2. Comment démontre-t-on la formule de la somme des termes d’une suite géométrique $S_N = \frac{1-q^N}{1-q}$ ?
Soit $S_N = 1 + q + q^2 + \dots + q^{N-1}$. Multiplions cette expression par la raison $q$ : $$q \cdot S_N = q + q^2 + q^3 + \dots + q^N$$ Soustrayons membre à membre la seconde égalité à la première : $$S_N - q \cdot S_N = (1 + q + \dots + q^{N-1}) - (q + q^2 + \dots + q^N)$$ Tous les termes intermédiaires s’annulent (simplification télescopique) : $$S_N \cdot (1 - q) = 1 - q^N$$ Si $q \neq 1$, on peut diviser par $(1-q)$, ce qui nous donne la formule : $$S_N = \frac{1 - q^N}{1 - q}$$
3. Quel est le lien entre la loi des grands nombres et le modèle économique d’un casino ?
La loi des grands nombres stipule que lorsque l’on répète une expérience aléatoire un grand nombre de fois, la fréquence moyenne des résultats converge vers l’espérance mathématique théorique. Un joueur individuel qui joue 10 fois à la roulette subit une forte variance (il peut gagner ou perdre beaucoup d’argent par chance ou malchance). En revanche, le casino voit défiler des millions de mises chaque année. Grâce à ce volume massif, la fréquence des gains du casino converge de façon extrêmement stable vers son espérance mathématique ($1,39\ %$ ou $2,7\ %$ de toutes les sommes misées), éliminant presque totalement le risque de perte pour la banque et lui assurant un profit régulier.
4. Quelle est la probabilité de voir sortir une série de 10 fois consécutives la couleur rouge à la roulette européenne ?

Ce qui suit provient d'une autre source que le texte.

(* Let $n,m$ be integers with $0<m<n$. Then $\mathcal{V}_n^m=\mathrm{span}\{\tilde\varphi_{n,k}^m:\ k=1,\ldots,n\}$ and $$\langle\tilde\varphi_{n,k}^m,\tilde\varphi_{n,h}^m\rangle_{L^2_w}=\delta_{k,h},\qquad k,h=1,\ldots,n.$$
   Context: Let $w(x)=(1-x^2)^{-1/2}$ on $[-1,1]$ and $\langle f,g\rangle_{L^2_w}=\int_{-1}^1 f(x)g(x)w(x)\,dx$. The orthonormal Chebyshev polynomials are $p_0(x)=\sqrt{1/\pi}$ and $p_r(x)=\sqrt{2/\pi}\cos(r\arccos x)$ for $r\ge1$. The Chebyshev nodes are $x_k^n=\cos\frac{(2k-1)\pi}{2n}$, $k=1,\ldots,n$. For $0<m<n$ set $\mu_{n,r}^m=1$ if $0\le r\le n-m$, $\mu_{n,r}^m=\frac{m+n-r}{2m}$ if $n-m<r<n+m$, and $\mu_{n,r}^m=0$ otherwise. For $r=0,\ldots,n-1$ define $q_{n,r}^m=p_r$ if $0\le r\le n-m$, and $q_{n,r}^m=\mu_{n,r}^m p_r-\mu_{n,2n-r}^m p_{2n-r}$ if $n-m<r<n$; set $\nu_{n,r}^m=1$ if $0\le r\le n-m$ and $\nu_{n,r}^m=\frac{m^2+(n-r)^2}{2m^2}$ if $n-m<r<n$. The space $\mathcal{V}_n^m$ is $\mathrm{span}\{q_{n,r}^m: r=0,\ldots,n-1\}$ (equivalently, the span of the VP polynomials $\Phi_{n,k}^m(x)=\frac{\pi}{n}\sum_{r=0}^{n+m-1}\mu_{n,r}^m p_r(x_k^n)p_r(x)$, $k=1,\ldots,n$). Define $\tau_{r,k}^n=\sqrt{\frac{\pi}{n\,\nu_{n,r}^m}}\,p_r(x_k^n)$ and the orthonormal VP scaling functions $\tilde\varphi_{n,k}^m(x)=\sum_{r=0}^{n-1}\tau_{r,k}^n q_{n,r}^m(x)$, $k=1,\ldots,n$. *)

theory Defs
  imports "HOL-Analysis.Analysis"
begin

definition cheb_w :: "real \<Rightarrow> real" where
  "cheb_w x = 1 / sqrt (1 - x\<^sup>2)"

definition cheb_p :: "nat \<Rightarrow> real \<Rightarrow> real" where
  "cheb_p r x = (if r = 0 then sqrt (1 / pi) else sqrt (2 / pi) * cos (real r * arccos x))"

definition cheb_node :: "nat \<Rightarrow> nat \<Rightarrow> real" where
  "cheb_node n k = cos ((2 * real k - 1) * pi / (2 * real n))"

definition vp_mu :: "nat \<Rightarrow> nat \<Rightarrow> nat \<Rightarrow> real" where
  "vp_mu n m r = (if r \<le> n - m then 1
                  else if r < n + m then (real m + real n - real r) / (2 * real m)
                  else 0)"

definition vp_q :: "nat \<Rightarrow> nat \<Rightarrow> nat \<Rightarrow> real \<Rightarrow> real" where
  "vp_q n m r x = (if r \<le> n - m then cheb_p r x
                   else vp_mu n m r * cheb_p r x - vp_mu n m (2 * n - r) * cheb_p (2 * n - r) x)"
lemma poly_gz_linear_part_scaled:
  fixes q :: "'a::field"
  assumes "q \<noteq> 0"
  shows "q ^ (j + 1) * poly (gz_linear_part (pcompose [:0, -1:] [:0, 1 / q:]) Y (j + 2) c) y
       = (- y) ^ j * (c 2 * (q * poly Y y) - c 1 * y)"
proof -
  define w where "w = - y"
  have pW: "poly (pcompose [:0, -1:] [:0, 1 / q:]) y = w / q" by (simp add: w_def poly_pcompose)
  have "q ^ (j + 1) * poly (gz_linear_part (pcompose [:0, -1:] [:0, 1 / q:]) Y (j + 2) c) y
      = q ^ (j + 1) * ((w / q) ^ j * (c 1 * (w / q) + c 2 * poly Y y))"
    unfolding poly_gz_linear_part pW ..
  also have "\<dots> = w ^ j * (c 1 * w + c 2 * (q * poly Y y))"
    using assms by (simp add: power_divide field_simps)
  also have "\<dots> = (- y) ^ j * (c 2 * (q * poly Y y) - c 1 * y)"
    by (simp add: w_def algebra_simps)
  finally show ?thesis .
qed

Les lancers successifs de la roulette étant des événements indépendants, les probabilités se multiplient. La probabilité d’obtenir la couleur rouge sur un coup est $p = \frac{18}{37}$. La probabilité d’obtenir 10 fois de suite la couleur rouge s’écrit : $$P = \left(\frac{18}{37}\right)^{10} \approx (0{,}48648)^{10} \approx 0{,}00073$$ Soit environ $0,073\ %$ de chance (soit environ 1 chance sur 1370 séries de 10 lancers). C’est un événement rare sur une petite série, mais statistiquement certain de se produire au cours d’une journée d’ouverture où la roulette tourne des milliers de fois.
5. Qu’est-ce que le paradoxe de Saint-Pétersbourg et quel est son lien avec les martingales ?
C’est un paradoxe de théorie des jeux formulé par Daniel Bernoulli au XVIIIe siècle. Un casino propose un jeu où l’on lance une pièce de monnaie. Si face sort au premier coup, on gagne $2$€, s’il sort au second, on gagne $4$€, au troisième $8$€, et ainsi de suite (le gain double à chaque lancer supplémentaire). Le jeu s’arrête dès que pile sort. Calculons l’espérance de gain de ce jeu : $$E = \sum_{n=1}^{\infty} 2^n \times \frac{1}{2^n} = \sum_{n=1}^{\infty} 1 = 1 + 1 + 1 + \dots = \infty$$ L’espérance de gain est infinie. Pourtant, personne ne serait prêt à payer une somme exorbitante (comme $10,000$€) pour y jouer, car la probabilité d’obtenir un gain modeste est énorme ($50\ %$ de chance de gagner seulement $2$€). Ce paradoxe a conduit à l’introduction du concept d’« utilité espérée », montrant que la valeur subjective d’un gain diminue à mesure que la somme augmente.